DATA:
lemma lyap_mean_after_step_eq:
  "(\<Sum>C'\<in>G. p C' * lyap_mean \<alpha> (saga_step n gradf p \<alpha> (x, J) C'))
    = (\<Sum>C'\<in>G. p C' * (norm (x - \<alpha> *\<^sub>R grad_est n gradf p C' J x - xs))\<^sup>2)
      + (\<Sum>C\<in>G. \<alpha> / (2 * real \<tau> * L C * real n * p C)
          * (p C * (norm (grad_dev x C))\<^sup>2 + (1 - p C) * (norm (jac_dev J C))\<^sup>2))"
proof -
  define W where "W C = \<alpha> / (2 * real \<tau> * L C * real n * p C)" for C
  let ?J' = "\<lambda>C' i. if i \<in> C' then gradf i x else J i"
  have "(\<Sum>C'\<in>G. p C' * lyap_mean \<alpha> (saga_step n gradf p \<alpha> (x, J) C'))
      = (\<Sum>C'\<in>G. p C' * (norm (x - \<alpha> *\<^sub>R grad_est n gradf p C' J x - xs))\<^sup>2)
        + (\<Sum>C'\<in>G. \<Sum>C\<in>G. W C * (p C' * (norm (jac_dev (?J' C') C))\<^sup>2))"
    by (simp add: saga_step_def lyap_mean_eq W_def distrib_left sum.distrib sum_distrib_left
        mult.left_commute)
  also have "(\<Sum>C'\<in>G. \<Sum>C\<in>G. W C * (p C' * (norm (jac_dev (?J' C') C))\<^sup>2))
      = (\<Sum>C\<in>G. W C * (\<Sum>C'\<in>G. p C' * (norm (jac_dev (?J' C') C))\<^sup>2))"
    by (subst sum.swap) (simp add: sum_distrib_left)
  also have "\<dots> = (\<Sum>C\<in>G. W C * (p C * (norm (grad_dev x C))\<^sup>2 + (1 - p C) * (norm (jac_dev J C))\<^sup>2))"
    by (rule sum.cong) (simp_all add: jacobian_update_mean)
  finally show ?thesis
    unfolding W_def .
qed

lemma lyap_mean_after_step_le:
  "(\<Sum>C'\<in>G. p C' * lyap_mean \<alpha> (saga_step n gradf p \<alpha> (x, J) C'))
    \<le> (norm (x - xs))\<^sup>2 + (\<Sum>C\<in>G. - (2 * \<alpha> / real n) * (grad_dev x C \<bullet> (x - xs))
        + \<alpha>\<^sup>2 * (2 * ((norm (grad_dev x C))\<^sup>2 + (norm (jac_dev J C))\<^sup>2) / ((real n)\<^sup>2 * p C))
        + \<alpha> / (2 * real \<tau> * L C * real n * p C)
          * (p C * (norm (grad_dev x C))\<^sup>2 + (1 - p C) * (norm (jac_dev J C))\<^sup>2))"
    (is "_ \<le> _ + (\<Sum>C\<in>G. - ?c * ?cross C + \<alpha>\<^sup>2 * ?moment C + ?jac C)")
proof -
  have "(\<Sum>C'\<in>G. p C' * lyap_mean \<alpha> (saga_step n gradf p \<alpha> (x, J) C'))
      = (norm (x - xs))\<^sup>2 - ?c * (\<Sum>C\<in>G. ?cross C)
        + \<alpha>\<^sup>2 * (\<Sum>C\<in>G. p C * (norm (grad_est n gradf p C J x))\<^sup>2) + (\<Sum>C\<in>G. ?jac C)"
    unfolding lyap_mean_after_step_eq iterate_dist_mean ..
  also have "\<dots> \<le> (norm (x - xs))\<^sup>2 - ?c * (\<Sum>C\<in>G. ?cross C)
        + \<alpha>\<^sup>2 * (\<Sum>C\<in>G. ?moment C) + (\<Sum>C\<in>G. ?jac C)"
    using grad_est_second_moment by (simp add: mult_left_mono)
  finally show ?thesis
    by (simp add: sum.distrib sum_distrib_left sum_negf sum_subtractf)
qed

lemma lyap_mean_step_le:
  assumes alpha_pos: "\<alpha> > 0"
    and stepsize: "\<And>C. C \<in> G \<Longrightarrow> \<alpha> * (\<mu> + 4 * L C * real \<tau> / real n) \<le> p C"
  shows "(\<Sum>C'\<in>G. p C' * lyap_mean \<alpha> (saga_step n gradf p \<alpha> (x, J) C'))
    \<le> (1 - \<mu> * \<alpha>) * lyap_mean \<alpha> (x, J)"
proof -
  define e where "e = (norm (x - xs))\<^sup>2"
  define W where "W C = \<alpha> / (2 * real \<tau> * L C * real n * p C)" for C
  define A where "A C = (norm (grad_dev x C))\<^sup>2" for C
  define D where "D C = (norm (jac_dev J C))\<^sup>2" for C
  define before where "before C = - (2 * \<alpha> / real n) * (grad_dev x C \<bullet> (x - xs))
      + \<alpha>\<^sup>2 * (2 * (A C + D C) / ((real n)\<^sup>2 * p C)) + W C * (p C * A C + (1 - p C) * D C)" for C
  have "(\<Sum>C'\<in>G. p C' * lyap_mean \<alpha> (saga_step n gradf p \<alpha> (x, J) C')) \<le> e + (\<Sum>C\<in>G. before C)"
    unfolding e_def before_def W_def A_def D_def by (rule lyap_mean_after_step_le)
  also have "\<dots> \<le> e + (\<Sum>C\<in>G. - \<mu> * \<alpha> * (real \<tau> / real n) * e + (1 - \<mu> * \<alpha>) * (W C * D C))"
  proof (intro add_left_mono sum_mono)
    fix C assume C: "C \<in> G"
    have "real \<tau> * \<mu> * e + A C / (real \<tau> * L C) \<le> 2 * (grad_dev x C \<bullet> (x - xs))"
      unfolding e_def A_def by (rule block_gradient_inequality[OF C])
    then show "before C \<le> - \<mu> * \<alpha> * (real \<tau> / real n) * e + (1 - \<mu> * \<alpha>) * (W C * D C)"
      unfolding before_def W_def
      using alpha_pos mu_pos tau_pos n_pos L_pos[OF C] p_pos[OF C] stepsize[OF C]
      by (intro saga_coefficient_inequality) (auto simp: A_def D_def)
  qed
  also have "\<dots> = (1 - \<mu> * \<alpha>) * (e + (\<Sum>C\<in>G. W C * D C))"
  proof -
    have "(\<Sum>C\<in>G. - \<mu> * \<alpha> * (real \<tau> / real n) * e) = - \<mu> * \<alpha> * e * (real (card G) * real \<tau> / real n)"
      by simp
    also have "\<dots> = - \<mu> * \<alpha> * e"
      using card_G_times_tau n_pos by simp
    finally have "e + (\<Sum>C\<in>G. - \<mu> * \<alpha> * (real \<tau> / real n) * e + (1 - \<mu> * \<alpha>) * (W C * D C))
        = e - \<mu> * \<alpha> * e + (1 - \<mu> * \<alpha>) * (\<Sum>C\<in>G. W C * D C)"
      by (simp only: sum.distrib sum_distrib_left)
    then show ?thesis
      by (simp only: ring_distribs)
  qed
  also have "\<dots> = (1 - \<mu> * \<alpha>) * lyap_mean \<alpha> (x, J)"
    unfolding lyap_mean_eq e_def W_def D_def ..
  finally show ?thesis .
qed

WORK INSTRUCTIONS:
Where the listing above has a line with "unfolding W_def .", start there, and output every line exactly through the line with "- xs))\<^sup>2 +", which is also included.

OUTPUT OF THE EXERCISE:
    unfolding W_def .
qed

lemma lyap_mean_after_step_le:
  "(\<Sum>C'\<in>G. p C' * lyap_mean \<alpha> (saga_step n gradf p \<alpha> (x, J) C'))
    \<le> (norm (x - xs))\<^sup>2 + (\<Sum>C\<in>G. - (2 * \<alpha> / real n) * (grad_dev x C \<bullet> (x - xs))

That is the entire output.